Lead tin telluride (Pb.sub.1-x Sn.sub.x Te) is a pseudo-binary system of lead telluride and tin-telluride which forms a solid solution over the entire compositional range wherein 0 .ltoreq. x .ltoreq. 1. The two compounds, lead telluride and tin telluride, are mutually soluble in all proportions and the alloy has an energy gap which varies linearly with composition passing through zero and rising again with increasing tin telluride concentration. This energy gap variability, provided by adjustment of the lead to tin ratio, enables use of this composition for intense radiation sources and intrinsic photodetectors covering the wavelength region from about 5 mm. to the far infrared, for injection laser action to about 28 mm., and for photovolatic detection to 30 mm. in lead tin telluride diodes. As a consequence, lead tin telluride has wide use such as radiation detectors, e.g., in the infrared, laser materials, photosensitive devices, and, in general, semiconductor material.
The phase diagram of lead tin telluride (FIGS. 1 and 2) indicates a narrow separation of the liquidus and solidus curves, thereby enabling the advantageous use of several prior art crystal growth methods. Such methods include the Bridgman-Stockbarger, Czochralski, vapor transport, and vapor phase epitaxial growth techniques. All these methods have been relatively successful in producing lead tin telluride; however, they are deficient in one or more respects.
In the Bridgman-Stockbarger and Czochralski methods, growth proceeds from a melt to a solid. Because the liquidus-solidus curves for lead tin telluride are narrowly separated, the composition of a growing crystal differs from that of the melt from which it grows. Therefore, the resulting crystal does not have a uniform composition but varies, as will be more fully explained with reference to FIGS. 1 and 2.

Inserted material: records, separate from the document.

(* Let $D=\{G=0\}$ with $G=F_2^2-c'Z^4$. Then: \begin{enumerate} \item If $C_2$ is smooth at a point $P\in C_2\cap L_\infty$, then $(D,P)$ is of type $a_{4\iota-1}$, where $\iota=I(C_2,L_\infty;P)$. \item If $C_2$ is singular at a point $P\in C_2\cap L_\infty$, then $D$ consists of four lines. \item If $P$ is an outer singularity of $D$, i.e. $P\in\operatorname{Sing}(D)\setminus C_2$, then $(D,P)$ is of type $a_1$. \end{enumerate}
   Context: Work in $\mathbb{P}^2$ with homogeneous coordinates $[X:Y:Z]$, $L_\infty=\{Z=0\}$. Let $F_2=F_2^{(2)}(X,Y)+F_2^{(1)}(X,Y)Z+a_{00}Z^2$ be a homogeneous quadratic form, where $F_2^{(i)}$ is a form of degree $i$ in $X,Y$, let $C_2=\{F_2=0\}$, assumed not to contain $L_\infty$, and let $c'\ne0$ be a constant. (This $D$ arises from an invisible factorization $F_2^4-F_4^2=Z^4G$ of a $(2,4)$ torus curve, with $F_4=F_2^2-cZ^4$.) $I(\cdot,\cdot;P)$ is the local intersection multiplicity; for $n\ge1$, type $a_n$ means topologically equivalent to the germ $x^2+y^{n+1}=0$. *)

theory Defs
  imports "HOL-Analysis.Analysis" "HOL-Computational_Algebra.Polynomial"
begin

text \<open>Homogeneous coordinates of P^2 over the complex numbers: nonzero triples (X,Y,Z).
  L_infinity = {Z = 0}.\<close>

type_synonym pt = "complex \<times> complex \<times> complex"

definition F2 :: "complex \<Rightarrow> complex \<Rightarrow> complex \<Rightarrow> complex \<Rightarrow> complex \<Rightarrow> complex \<Rightarrow> pt \<Rightarrow> complex" where
  "F2 a20 a11 a02 a10 a01 a00 = (\<lambda>(x, y, z).
      a20 * x^2 + a11 * x * y + a02 * y^2 + (a10 * x + a01 * y) * z + a00 * z^2)"

definition on_curve :: "(pt \<Rightarrow> complex) \<Rightarrow> pt \<Rightarrow> bool" where
  "on_curve f p \<longleftrightarrow> p \<noteq> 0 \<and> f p = 0"

definition sing_pt :: "(pt \<Rightarrow> complex) \<Rightarrow> pt \<Rightarrow> bool" where
  "sing_pt f p \<longleftrightarrow> on_curve f p \<and> (f has_derivative (\<lambda>_. 0)) (at p)"

definition smooth_pt :: "(pt \<Rightarrow> complex) \<Rightarrow> pt \<Rightarrow> bool" where
  "smooth_pt f p \<longleftrightarrow> on_curve f p \<and> \<not> sing_pt f p"

definition on_Linf :: "pt \<Rightarrow> bool" where
  "on_Linf p \<longleftrightarrow> p \<noteq> 0 \<and> snd (snd p) = 0"

definition chart :: "pt \<Rightarrow> complex \<times> complex \<Rightarrow> pt" where
  "chart p = (case p of (x, y, z) \<Rightarrow>
     if z \<noteq> 0 then (\<lambda>(u, v). (u, v, 1))
     else if y \<noteq> 0 then (\<lambda>(u, v). (u, 1, v))
     else (\<lambda>(u, v). (1, u, v)))"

A further problem arising in the Bridgman-Stockbarger and Czochralski techniques resides in maintaining the proper stoichiometry of the lead and tin metal to tellurium. Because lead tin telluride is stable within a relatively wide solidus field, the ratio of metal to tellurium invariably is not equal to one, but is a number greater or less than one, that is, it can exist having a non-stoichiometric composition. As a consequence, the resulting composition is either metal rich or, most usually, metal poor. Thus, the composition is most often nonstoichiometric.
These prior art techniques further give rise to defects and inhomogeneity as a result of constitutional supercooling. Lead tin telluride exhibits a liquid phase which is increasingly enriched in metal as the liquid phase approaches the liquid-solid interface and further exhibits a sudden drop in metal as the solid phase is entered at the liquid-solid interface. Furthermore, metal-rich portions solidify at a temperature lower than that of tellurium-rich portions. Thus, as the solid forms at the liquid-solid interface, because of the variation in composition between the liquid and solid phases and because of faster solidification of metal-rich portions than tellurium-rich portions due to their lower melting point, the resulting crystal shows metal precipitation and an undesired cellular substructure.

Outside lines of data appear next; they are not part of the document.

lemma power_avg_ineq_one:
  assumes adm: "admissible c g" and \<delta>: "\<delta> \<in> {0<..1}"
  shows "power_avg_ineq 1 1 g \<delta>"
proof -
  have g_pos: "g t > 0" if "t \<in> {0<..\<delta>}" for t
    using adm that \<delta> unfolding admissible_def by auto
  have g_int: "set_integrable lborel {0<..\<delta>} g" using adm \<delta> unfolding admissible_def by auto
  have powr_one: "g u powr 1 = g u" if "u \<in> {0<..\<delta>}" for u
    using g_pos[OF that] by simp
  have "set_integrable lborel {0<..\<delta>} (\<lambda>u. g u powr 1) \<longleftrightarrow> set_integrable lborel {0<..\<delta>} g"
    by (rule set_integrable_cong[OF refl refl powr_one])
  moreover have "(LBINT u:{0<..\<delta>}. g u powr 1) = (LBINT u:{0<..\<delta>}. g u)"
    using powr_one by (intro set_lebesgue_integral_cong) auto
  moreover have "0 \<le> (LBINT u:{0<..\<delta>}. g u)"
    unfolding set_lebesgue_integral_def using g_pos
    by (intro integral_nonneg_AE AE_I2) (auto simp: indicator_def less_imp_le)
  ultimately show ?thesis unfolding power_avg_ineq_def using g_int \<delta> by auto
qed

lemma admissible_powr:
  assumes c: "1 \<le> c"
  shows "admissible c (\<lambda>t. t powr (1 / c - 1))"
  unfolding admissible_def
proof (intro conjI ballI impI)
  fix t :: real assume t: "t \<in> {0<..1}"
  have e: "1 / c - 1 > -1" using c by simp
  show "0 < t powr (1 / c - 1)" using t by simp
  show "set_integrable lborel {0<..t} (\<lambda>u. u powr (1 / c - 1))"
    using set_integral_powr_Ioc_0(1)[OF _ e] t by simp
  have "1 / t * (LBINT u:{0<..t}. u powr (1 / c - 1)) = c * (t powr (1 / c) / t)"
    using set_integral_powr_Ioc_0(2)[OF _ e, of t] t by simp
  also have "t powr (1 / c) / t = t powr (1 / c - 1)"
    using t by (simp add: powr_diff)
  finally show "1 / t * (LBINT u:{0<..t}. u powr (1 / c - 1)) \<le> c * t powr (1 / c - 1)"
    by simp
next
  fix s t :: real assume "s \<in> {0<..1}" "t \<in> {0<..1}" "s \<le> t"
  then show "t powr (1 / c - 1) \<le> s powr (1 / c - 1)"
    using c by (intro powr_mono2') (auto simp: field_simps)
qed

lemma not_power_avg_ineq_powr:
  assumes c: "1 \<le> c" and p: "c * (p - 1) < p"
    and K: "K < 1 / (c powr (p - 1) * (c + p - p * c))"
  shows "\<not> power_avg_ineq K p (\<lambda>t. t powr (1 / c - 1)) 1"
proof
  assume ineq: "power_avg_ineq K p (\<lambda>t. t powr (1 / c - 1)) 1"
  have D: "0 < c + p - p * c" using p by (simp add: algebra_simps)
  have e: "(1 / c - 1) * p > -1" "1 / c - 1 > -1" using p c by (simp_all add: field_simps)
  have "(LBINT u:{0<..1}. (u powr (1 / c - 1)) powr p) = (LBINT u:{0<..1}. u powr ((1 / c - 1) * p))"
    by (intro set_lebesgue_integral_cong) (auto simp: powr_powr)
  also have "\<dots> = c / (c + p - p * c)"
    using set_integral_powr_Ioc_0(2)[OF _ e(1), of 1] c by (simp add: field_simps)
  finally have lhs: "(LBINT u:{0<..1}. (u powr (1 / c - 1)) powr p) = c / (c + p - p * c)" .
  have rhs: "(LBINT u:{0<..1}. u powr (1 / c - 1)) = c"
    using set_integral_powr_Ioc_0(2)[OF _ e(2), of 1] c by simp
  have "c / (c + p - p * c) \<le> K * c powr p"
    using ineq unfolding power_avg_ineq_def lhs rhs by simp
  also have "\<dots> < 1 / (c powr (p - 1) * (c + p - p * c)) * c powr p"
    using K c by (intro mult_strict_right_mono) auto
  also have "\<dots> = c / (c + p - p * c)"
  proof -
    have cancel: "\<And>X E :: real. 0 < X \<Longrightarrow> 0 < E \<Longrightarrow> 1 / (X * E) * (c * X) = c / E"
      by (simp add: field_simps)
    have "c powr p = c * c powr (p - 1)" using c powr_mult_base[of c "p - 1"] by simp
    then show ?thesis using cancel[OF _ D, of "c powr (p - 1)"] c by simp
  qed
  finally show False by simp
qed

theorem lemma2:
  fixes c p :: real
  assumes "c \<ge> 1" and "p \<ge> 1" and "c = 1 \<or> p < c / (c - 1)"
  shows "(\<forall>g \<delta>. admissible c g \<longrightarrow> \<delta> \<in> {0<..1} \<longrightarrow>
            power_avg_ineq (1 / (c powr (p - 1) * (c + p - p * c))) p g \<delta>)
       \<and> (\<forall>K < 1 / (c powr (p - 1) * (c + p - p * c)).
            \<exists>g \<delta>. admissible c g \<and> \<delta> \<in> {0<..1} \<and> \<not> power_avg_ineq K p g \<delta>)"
proof -
  have p_range: "c * (p - 1) < p"
  proof (cases "c = 1")
    case False
    then have "c > 1" "p < c / (c - 1)" using assms by auto
    then show ?thesis by (simp add: field_simps)
  qed simp
  have upper: "power_avg_ineq (1 / (c powr (p - 1) * (c + p - p * c))) p g \<delta>"
    if "admissible c g" "\<delta> \<in> {0<..1}" for g \<delta>
  proof (cases "p = 1")
    case True
    then show ?thesis using power_avg_ineq_one[OF that] assms(1) by simp
  next
    case False
    then show ?thesis using power_avg_ineq_admissible[OF that(1) assms(1) _ p_range that(2)] assms(2)
      by simp
  qed
  have sharp: "\<exists>g \<delta>. admissible c g \<and> \<delta> \<in> {0<..1} \<and> \<not> power_avg_ineq K p g \<delta>"
    if "K < 1 / (c powr (p - 1) * (c + p - p * c))" for K
    using admissible_powr[OF assms(1)] not_power_avg_ineq_powr[OF assms(1) p_range that]
    by (intro exI[of _ "\<lambda>t. t powr (1 / c - 1)"] exI[of _ 1]) simp
  show ?thesis using upper sharp by blast
qed

end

Other problems arise because these techniques require operation at high temperature in order to obtain the melt. Such high temperatures promote a greater likelihood that impurities will be leached, in particular from the crucible, especially in view of the large contact area between the crucible and the crystal. In addition, these methods require relatively elaborate and expensive equipment.
In the vapor transport method, the source, having the desired composition, is place in a temperature gradient for sublimation and condensation on a colder surface. Because growth is initiated by spontaneous nucleation, success depends on the ability to obtain the smallest number of nucleation sites, the control of which is very difficult. Thus, this method usually results in the formation of many small points of nucleation at the tip of the tube and their eventual growth together to produce a crystal which is not a single crystal. Furthermore, these crystals are of a very small size, being limited to a few cubic millimeters, and normally contain a high density of voids or minute holes.
Anneal of lead tin teluride is required to reduce high carrier concentration in the as-grown material. One method includes isothermal metal saturated annealing. The undoped as-grown crystal is sliced into thin wafers and the wafers are isothermally annealed with a metal-rich powder. Due to the slow diffusion rate arising from the low cross-over temperature, the temperature at which the stochiometric line crosses the solidus line, the wafers must be annealed for a long time in the order of two months. Another method is to diffuse lead or other doner impurities into the crystal. The disadvantage with this method, also, is the time factor; it requires approximately two weeks to attain a low carrier concentration.